▶ Work instruction
From the first line to the last, set down the data exactly as given.
[Information provided]
lemma adj_rtrancl_in_verts:
  assumes "wf_dgraph H" "(a, b) \<in> (adj H)\<^sup>*" "a \<in> fst H"
  shows "b \<in> fst H"
  using assms(2,3) by induction (use adj_subset_verts[OF assms(1)] in auto)

lemma fst_induced_on [simp]: "fst (induced_on G S) = S"
  unfolding induced_on_def by simp

lemma adj_induced_on: "adj (induced_on G S) = adj G \<inter> S \<times> S"
  unfolding adj_def induced_on_def by auto

lemma induced_on_mono: "S \<subseteq> T \<Longrightarrow> induced_on G S \<le> induced_on G T"
  unfolding induced_on_def by auto

lemma subdigraph_induced_on: "S \<subseteq> fst G \<Longrightarrow> subdigraph (induced_on G S) G"
  unfolding subdigraph_def wf_dgraph_def induced_on_def by auto

lemma fst_delete_vertex [simp]: "fst (delete_vertex w H) = fst H - {w}"
  unfolding delete_vertex_def by simp

lemma adj_delete_vertex: "adj (delete_vertex w H) = adj H \<inter> (- {w}) \<times> (- {w})"
  unfolding adj_def delete_vertex_def by auto

lemma snd_delete_vertex_mono: "snd H \<subseteq> snd K \<Longrightarrow> snd (delete_vertex w H) \<subseteq> snd (delete_vertex w K)"
  unfolding delete_vertex_def by auto

lemma wf_delete_vertex: "wf_dgraph H \<Longrightarrow> wf_dgraph (delete_vertex w H)"
  unfolding wf_dgraph_def delete_vertex_def by auto

lemma delete_vertex_notin: "wf_dgraph H \<Longrightarrow> w \<notin> fst H \<Longrightarrow> delete_vertex w H = H"
  unfolding wf_dgraph_def delete_vertex_def by (cases H) auto

lemma delete_vertex_rtrancl_subset: "(adj (delete_vertex w H))\<^sup>* \<subseteq> (adj H)\<^sup>*"
  by (rule rtrancl_mono) (auto simp: adj_delete_vertex)

lemma connI:
  assumes "\<And>u. u \<in> fst H \<Longrightarrow> (h, u) \<in> (adj H)\<^sup>*"
  shows "conn H"
  unfolding conn_def using assms by (auto intro: rtrancl_trans adj_rtrancl_sym)

lemma connD: "conn H \<Longrightarrow> a \<in> fst H \<Longrightarrow> b \<in> fst H \<Longrightarrow> (a, b) \<in> (adj H)\<^sup>*"
  unfolding conn_def by blast

lemma conn_more_edges: "conn H \<Longrightarrow> fst K = fst H \<Longrightarrow> snd H \<subseteq> snd K \<Longrightarrow> conn K"
  unfolding conn_def using adj_rtrancl_mono by blast

lemma finite_edges: "wf_dgraph G \<Longrightarrow> finite (fst G) \<Longrightarrow> finite (snd G)"
  unfolding wf_dgraph_def by (auto intro: finite_subset)

lemma is_path_iff_successively:
  "is_path H xs \<longleftrightarrow>
     xs \<noteq> [] \<and> distinct xs \<and> set xs \<subseteq> fst H \<and> successively (\<lambda>a b. (a, b) \<in> adj H) xs"
  unfolding is_path_def successively_conv_nth adj_def by auto

lemma successively_imp_rtrancl:
  "successively (\<lambda>a b. (a, b) \<in> R) xs \<Longrightarrow> xs \<noteq> [] \<Longrightarrow> (hd xs, last xs) \<in> R\<^sup>*"
  by (induction xs) (auto simp: successively_Cons intro: converse_rtrancl_into_rtrancl)

lemma successively_reaches_an_end:
  assumes "successively P xs" "distinct xs" "u \<in> set xs" "u \<noteq> w"
    and "\<And>a b. a \<in> set xs \<Longrightarrow> b \<in> set xs \<Longrightarrow> P a b \<Longrightarrow> a \<noteq> w \<Longrightarrow> b \<noteq> w \<Longrightarrow> (a, b) \<in> R"
  shows "(hd xs, u) \<in> R\<^sup>* \<or> (u, last xs) \<in> R\<^sup>*"
proof -
  obtain ys zs where xs: "xs = ys @ u # zs"
    using split_list[OF assms(3)] by blast
  have R: "successively (\<lambda>a b. (a, b) \<in> R) as"
    if "successively P as" "set as \<subseteq> set xs" "w \<notin> set as" for as
    using that(1) by (rule successively_mono) (use that(2,3) assms(5) in blast)
  have "w \<notin> set (ys @ [u]) \<or> w \<notin> set (u # zs)"
    using assms(2,4) unfolding xs by auto
  then show ?thesis
  proof
    assume w: "w \<notin> set (ys @ [u])"
    have "successively P ((ys @ [u]) @ zs)"
      using assms(1) unfolding xs by simp
    then have "successively P (ys @ [u])"
      by (rule successively_append_iff[THEN iffD1, THEN conjunct1])
    then have "successively (\<lambda>a b. (a, b) \<in> R) (ys @ [u])"
      by (rule R) (use w in \<open>auto simp: xs\<close>)
    from successively_imp_rtrancl[OF this] show ?thesis
      unfolding xs by (cases ys) auto
  next
    assume w: "w \<notin> set (u # zs)"
    have "successively P (u # zs)"
      using assms(1) unfolding xs by (rule successively_append_iff[THEN iffD1, THEN conjunct2, THEN conjunct1])
    then have "successively (\<lambda>a b. (a, b) \<in> R) (u # zs)"
      by (rule R) (use w in \<open>auto simp: xs\<close>)
    from successively_imp_rtrancl[OF this] show ?thesis
      unfolding xs by simp
  qed
qed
[/Information provided]
▶ Written response
lemma adj_rtrancl_in_verts:
  assumes "wf_dgraph H" "(a, b) \<in> (adj H)\<^sup>*" "a \<in> fst H"
  shows "b \<in> fst H"
  using assms(2,3) by induction (use adj_subset_verts[OF assms(1)] in auto)

lemma fst_induced_on [simp]: "fst (induced_on G S) = S"
  unfolding induced_on_def by simp

lemma adj_induced_on: "adj (induced_on G S) = adj G \<inter> S \<times> S"
  unfolding adj_def induced_on_def by auto

lemma induced_on_mono: "S \<subseteq> T \<Longrightarrow> induced_on G S \<le> induced_on G T"
  unfolding induced_on_def by auto

lemma subdigraph_induced_on: "S \<subseteq> fst G \<Longrightarrow> subdigraph (induced_on G S) G"
  unfolding subdigraph_def wf_dgraph_def induced_on_def by auto

lemma fst_delete_vertex [simp]: "fst (delete_vertex w H) = fst H - {w}"
  unfolding delete_vertex_def by simp

lemma adj_delete_vertex: "adj (delete_vertex w H) = adj H \<inter> (- {w}) \<times> (- {w})"
  unfolding adj_def delete_vertex_def by auto

lemma snd_delete_vertex_mono: "snd H \<subseteq> snd K \<Longrightarrow> snd (delete_vertex w H) \<subseteq> snd (delete_vertex w K)"
  unfolding delete_vertex_def by auto

lemma wf_delete_vertex: "wf_dgraph H \<Longrightarrow> wf_dgraph (delete_vertex w H)"
  unfolding wf_dgraph_def delete_vertex_def by auto

lemma delete_vertex_notin: "wf_dgraph H \<Longrightarrow> w \<notin> fst H \<Longrightarrow> delete_vertex w H = H"
  unfolding wf_dgraph_def delete_vertex_def by (cases H) auto

lemma delete_vertex_rtrancl_subset: "(adj (delete_vertex w H))\<^sup>* \<subseteq> (adj H)\<^sup>*"
  by (rule rtrancl_mono) (auto simp: adj_delete_vertex)

lemma connI:
  assumes "\<And>u. u \<in> fst H \<Longrightarrow> (h, u) \<in> (adj H)\<^sup>*"
  shows "conn H"
  unfolding conn_def using assms by (auto intro: rtrancl_trans adj_rtrancl_sym)

lemma connD: "conn H \<Longrightarrow> a \<in> fst H \<Longrightarrow> b \<in> fst H \<Longrightarrow> (a, b) \<in> (adj H)\<^sup>*"
  unfolding conn_def by blast

lemma conn_more_edges: "conn H \<Longrightarrow> fst K = fst H \<Longrightarrow> snd H \<subseteq> snd K \<Longrightarrow> conn K"
  unfolding conn_def using adj_rtrancl_mono by blast

lemma finite_edges: "wf_dgraph G \<Longrightarrow> finite (fst G) \<Longrightarrow> finite (snd G)"
  unfolding wf_dgraph_def by (auto intro: finite_subset)

lemma is_path_iff_successively:
  "is_path H xs \<longleftrightarrow>
     xs \<noteq> [] \<and> distinct xs \<and> set xs \<subseteq> fst H \<and> successively (\<lambda>a b. (a, b) \<in> adj H) xs"
  unfolding is_path_def successively_conv_nth adj_def by auto

lemma successively_imp_rtrancl:
  "successively (\<lambda>a b. (a, b) \<in> R) xs \<Longrightarrow> xs \<noteq> [] \<Longrightarrow> (hd xs, last xs) \<in> R\<^sup>*"
  by (induction xs) (auto simp: successively_Cons intro: converse_rtrancl_into_rtrancl)

lemma successively_reaches_an_end:
  assumes "successively P xs" "distinct xs" "u \<in> set xs" "u \<noteq> w"
    and "\<And>a b. a \<in> set xs \<Longrightarrow> b \<in> set xs \<Longrightarrow> P a b \<Longrightarrow> a \<noteq> w \<Longrightarrow> b \<noteq> w \<Longrightarrow> (a, b) \<in> R"
  shows "(hd xs, u) \<in> R\<^sup>* \<or> (u, last xs) \<in> R\<^sup>*"
proof -
  obtain ys zs where xs: "xs = ys @ u # zs"
    using split_list[OF assms(3)] by blast
  have R: "successively (\<lambda>a b. (a, b) \<in> R) as"
    if "successively P as" "set as \<subseteq> set xs" "w \<notin> set as" for as
    using that(1) by (rule successively_mono) (use that(2,3) assms(5) in blast)
  have "w \<notin> set (ys @ [u]) \<or> w \<notin> set (u # zs)"
    using assms(2,4) unfolding xs by auto
  then show ?thesis
  proof
    assume w: "w \<notin> set (ys @ [u])"
    have "successively P ((ys @ [u]) @ zs)"
      using assms(1) unfolding xs by simp
    then have "successively P (ys @ [u])"
      by (rule successively_append_iff[THEN iffD1, THEN conjunct1])
    then have "successively (\<lambda>a b. (a, b) \<in> R) (ys @ [u])"
      by (rule R) (use w in \<open>auto simp: xs\<close>)
    from successively_imp_rtrancl[OF this] show ?thesis
      unfolding xs by (cases ys) auto
  next
    assume w: "w \<notin> set (u # zs)"
    have "successively P (u # zs)"
      using assms(1) unfolding xs by (rule successively_append_iff[THEN iffD1, THEN conjunct2, THEN conjunct1])
    then have "successively (\<lambda>a b. (a, b) \<in> R) (u # zs)"
      by (rule R) (use w in \<open>auto simp: xs\<close>)
    from successively_imp_rtrancl[OF this] show ?thesis
      unfolding xs by simp
  qed
qed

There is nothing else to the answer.